(* Let $\mathcal G=(N,\Sigma,S,P)$ be a normalized spine grammar with spine direction $d$, and let $L_1=\{w\in\mathrm{Next}(\mathcal S(\mathcal G))\mid |w|=1\}$. Then there exists a pop-normalized MPDA $\mathcal A$ with $L(\mathcal A)\cup L_1=\mathrm{Next}(\mathcal S(\mathcal G))$. Moreover, the tree languages $\mathcal F(L(\mathcal A)\cup L_1)_S$ and $T(\mathcal G)$ coincide modulo relabeling, i.e. there is a relabeling $\rho$ with $\rho(\mathcal F(L(\mathcal A)\cup L_1)_S)=T(\mathcal G)$.
   Context: Spine grammar / normalized: $\mathcal G=(N,\Sigma,S,P)$ with $N=N_0\cup N_1$ (nullary/unary nonterminals), terminals $\Sigma=\Sigma_0\cup\Sigma_2$, start $S\in N_0$, productions of the forms $n\to\alpha$, $n\to b(\alpha)$ ($n\in N_0$, $b\in N_1$, $\alpha\in\Sigma_0$), $n\to b_1(b_2(\Box))$ ($b_i\in N_1$), $n\to\sigma(\Box,a)$, $n\to\sigma(a,\Box)$ ($\sigma\in\Sigma_2$, $a\in N_0\setminus\{S\}$), with a spine direction $d:\Sigma_2\to\{1,2\}$ such that in each production $n\to\sigma(\cdot,\cdot)$ containing $\Box$ the hole is in child $d(\sigma)$, and such that for each $n\in N_0$ no tree derivable from $n$ by one step followed by steps with only unary-nonterminal productions contains $n$. A step replaces a nullary nonterminal by a right-hand side, or a subtree $n(t')$ with $n\in N_1$ by the right-hand side with $\Box$ replaced by $t'$; $T(\mathcal G)$ is the set of terminal trees derivable from $S$. $\mathcal S(\mathcal G)$ is the language of the CFG with start $\top$, nonterminals $\{\top\}\cup N^2$ (write $n_g=(n,g)$), terminals $\alpha_n=(\alpha,n)$ and $\frac{\sigma}{n_1\ n_2}=(\sigma,n_1,n_2)$, and productions $\top\to\alpha_n$ for $(n\to\alpha)\in P$, $\top\to\alpha_nb_n$ for $(n\to b(\alpha))\in P$, and for all $g\in N$: $n_g\to b'_gb_g$ for $(n\to b(b'(\Box)))\in P$, $n_g\to\frac{\sigma}{g\ n'}$ for $(n\to\sigma(\Box,n'))\in P$, $n_g\to\frac{\sigma}{n'\ g}$ for $(n\to\sigma(n',\Box))\in P$. For an alphabet $\Theta$ and $\triangleleft\notin\Theta$, $\mathrm{Next}(L)=\bigcup_n\{\langle\theta_2,\theta_1\rangle\cdots\langle\theta_n,\theta_{n-1}\rangle\langle\triangleleft,\theta_n\rangle\mid\theta_1\cdots\theta_n\in L\}$. A letter $(s',\alpha_n)$ of $\mathrm{Next}(\mathcal S(\mathcal G))$ is regarded as the leaf symbol $((s',\alpha),n)$ and a letter $(s',\frac{\sigma}{n_1\ n_2})$ as the binary symbol $((s',\sigma),n_1,n_2)$ with direction $d((s',\sigma))=d(\sigma)$. For such annotated symbols define $\mathrm{gen}$ of a leaf symbol with annotation $n$ as $n$ and of a binary symbol annotated $(n_1,n_2)$ with underlying $\sigma$ as $n_{d(\sigma)}$; for a tree set $T$, $T_n$ is the set of trees whose root symbol has $\mathrm{gen}=n$; $\mathrm{attach}_T$ of a one-letter word is the leaf itself, and $\mathrm{attach}_T(w\,x)$ for a binary symbol $x$ annotated $(n_1,n_2)$ with direction $k$ is the set of trees $x(t_1,t_2)$ with $t_k\in\mathrm{attach}_T(w)$ and $t_{3-k}\in T_{n_{3-k}}$; $\mathcal F(L)$ is the smallest $\mathcal F$ with $\mathrm{attach}_{\mathcal F}(w)\subseteq\mathcal F$ for all $w\in L$, and $\mathcal F(L)_S$ its trees whose root has $\mathrm{gen}=S$. MPDA $\mathcal A=(Q,\Delta,\Gamma,\delta,\tau,I,F)$: states $Q$, input symbols $\Delta$, stack symbols $\Gamma$, transitions $\delta\subseteq(Q\times\Gamma^{\le1}\times\Gamma^{\le1}\times Q)\setminus(Q\times\Gamma\times\Gamma\times Q)$, output $\tau:Q\to\Delta$, $I,F\subseteq Q$; moves $\langle q,\gamma\alpha\rangle\vdash\langle q',\gamma'\alpha\rangle$ for $(q,\gamma,\gamma',q')\in\delta$ if $\gamma\alpha\neq\varepsilon$; accepting runs start in $\langle q,\gamma\rangle$ with $q\in I$, $\gamma\in\Gamma$, and end in $\langle q,\varepsilon\rangle$ with $q\in F$; $L(\mathcal A)$ is the set of output strings $\tau(q_0)\cdots\tau(q_n)$ of accepting runs. Pop-normalized: some $\mathrm{return}:\Gamma\to Q$ satisfies $q'=\mathrm{return}(\gamma)$ for all $(q,\gamma,\varepsilon,q')\in\delta$, $\gamma\in\Gamma$. *)

theory Defs
  imports Main
begin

§

Activity ▸
From the first line to the last, copy the records without alteration.

Output of the exercise ▸
(* Let $\mathcal G=(N,\Sigma,S,P)$ be a normalized spine grammar with spine direction $d$, and let $L_1=\{w\in\mathrm{Next}(\mathcal S(\mathcal G))\mid |w|=1\}$. Then there exists a pop-normalized MPDA $\mathcal A$ with $L(\mathcal A)\cup L_1=\mathrm{Next}(\mathcal S(\mathcal G))$. Moreover, the tree languages $\mathcal F(L(\mathcal A)\cup L_1)_S$ and $T(\mathcal G)$ coincide modulo relabeling, i.e. there is a relabeling $\rho$ with $\rho(\mathcal F(L(\mathcal A)\cup L_1)_S)=T(\mathcal G)$.
   Context: Spine grammar / normalized: $\mathcal G=(N,\Sigma,S,P)$ with $N=N_0\cup N_1$ (nullary/unary nonterminals), terminals $\Sigma=\Sigma_0\cup\Sigma_2$, start $S\in N_0$, productions of the forms $n\to\alpha$, $n\to b(\alpha)$ ($n\in N_0$, $b\in N_1$, $\alpha\in\Sigma_0$), $n\to b_1(b_2(\Box))$ ($b_i\in N_1$), $n\to\sigma(\Box,a)$, $n\to\sigma(a,\Box)$ ($\sigma\in\Sigma_2$, $a\in N_0\setminus\{S\}$), with a spine direction $d:\Sigma_2\to\{1,2\}$ such that in each production $n\to\sigma(\cdot,\cdot)$ containing $\Box$ the hole is in child $d(\sigma)$, and such that for each $n\in N_0$ no tree derivable from $n$ by one step followed by steps with only unary-nonterminal productions contains $n$. A step replaces a nullary nonterminal by a right-hand side, or a subtree $n(t')$ with $n\in N_1$ by the right-hand side with $\Box$ replaced by $t'$; $T(\mathcal G)$ is the set of terminal trees derivable from $S$. $\mathcal S(\mathcal G)$ is the language of the CFG with start $\top$, nonterminals $\{\top\}\cup N^2$ (write $n_g=(n,g)$), terminals $\alpha_n=(\alpha,n)$ and $\frac{\sigma}{n_1\ n_2}=(\sigma,n_1,n_2)$, and productions $\top\to\alpha_n$ for $(n\to\alpha)\in P$, $\top\to\alpha_nb_n$ for $(n\to b(\alpha))\in P$, and for all $g\in N$: $n_g\to b'_gb_g$ for $(n\to b(b'(\Box)))\in P$, $n_g\to\frac{\sigma}{g\ n'}$ for $(n\to\sigma(\Box,n'))\in P$, $n_g\to\frac{\sigma}{n'\ g}$ for $(n\to\sigma(n',\Box))\in P$. For an alphabet $\Theta$ and $\triangleleft\notin\Theta$, $\mathrm{Next}(L)=\bigcup_n\{\langle\theta_2,\theta_1\rangle\cdots\langle\theta_n,\theta_{n-1}\rangle\langle\triangleleft,\theta_n\rangle\mid\theta_1\cdots\theta_n\in L\}$. A letter $(s',\alpha_n)$ of $\mathrm{Next}(\mathcal S(\mathcal G))$ is regarded as the leaf symbol $((s',\alpha),n)$ and a letter $(s',\frac{\sigma}{n_1\ n_2})$ as the binary symbol $((s',\sigma),n_1,n_2)$ with direction $d((s',\sigma))=d(\sigma)$. For such annotated symbols define $\mathrm{gen}$ of a leaf symbol with annotation $n$ as $n$ and of a binary symbol annotated $(n_1,n_2)$ with underlying $\sigma$ as $n_{d(\sigma)}$; for a tree set $T$, $T_n$ is the set of trees whose root symbol has $\mathrm{gen}=n$; $\mathrm{attach}_T$ of a one-letter word is the leaf itself, and $\mathrm{attach}_T(w\,x)$ for a binary symbol $x$ annotated $(n_1,n_2)$ with direction $k$ is the set of trees $x(t_1,t_2)$ with $t_k\in\mathrm{attach}_T(w)$ and $t_{3-k}\in T_{n_{3-k}}$; $\mathcal F(L)$ is the smallest $\mathcal F$ with $\mathrm{attach}_{\mathcal F}(w)\subseteq\mathcal F$ for all $w\in L$, and $\mathcal F(L)_S$ its trees whose root has $\mathrm{gen}=S$. MPDA $\mathcal A=(Q,\Delta,\Gamma,\delta,\tau,I,F)$: states $Q$, input symbols $\Delta$, stack symbols $\Gamma$, transitions $\delta\subseteq(Q\times\Gamma^{\le1}\times\Gamma^{\le1}\times Q)\setminus(Q\times\Gamma\times\Gamma\times Q)$, output $\tau:Q\to\Delta$, $I,F\subseteq Q$; moves $\langle q,\gamma\alpha\rangle\vdash\langle q',\gamma'\alpha\rangle$ for $(q,\gamma,\gamma',q')\in\delta$ if $\gamma\alpha\neq\varepsilon$; accepting runs start in $\langle q,\gamma\rangle$ with $q\in I$, $\gamma\in\Gamma$, and end in $\langle q,\varepsilon\rangle$ with $q\in F$; $L(\mathcal A)$ is the set of output strings $\tau(q_0)\cdots\tau(q_n)$ of accepting runs. Pop-normalized: some $\mathrm{return}:\Gamma\to Q$ satisfies $q'=\mathrm{return}(\gamma)$ for all $(q,\gamma,\varepsilon,q')\in\delta$, $\gamma\in\Gamma$. *)

theory Defs
  imports Main
begin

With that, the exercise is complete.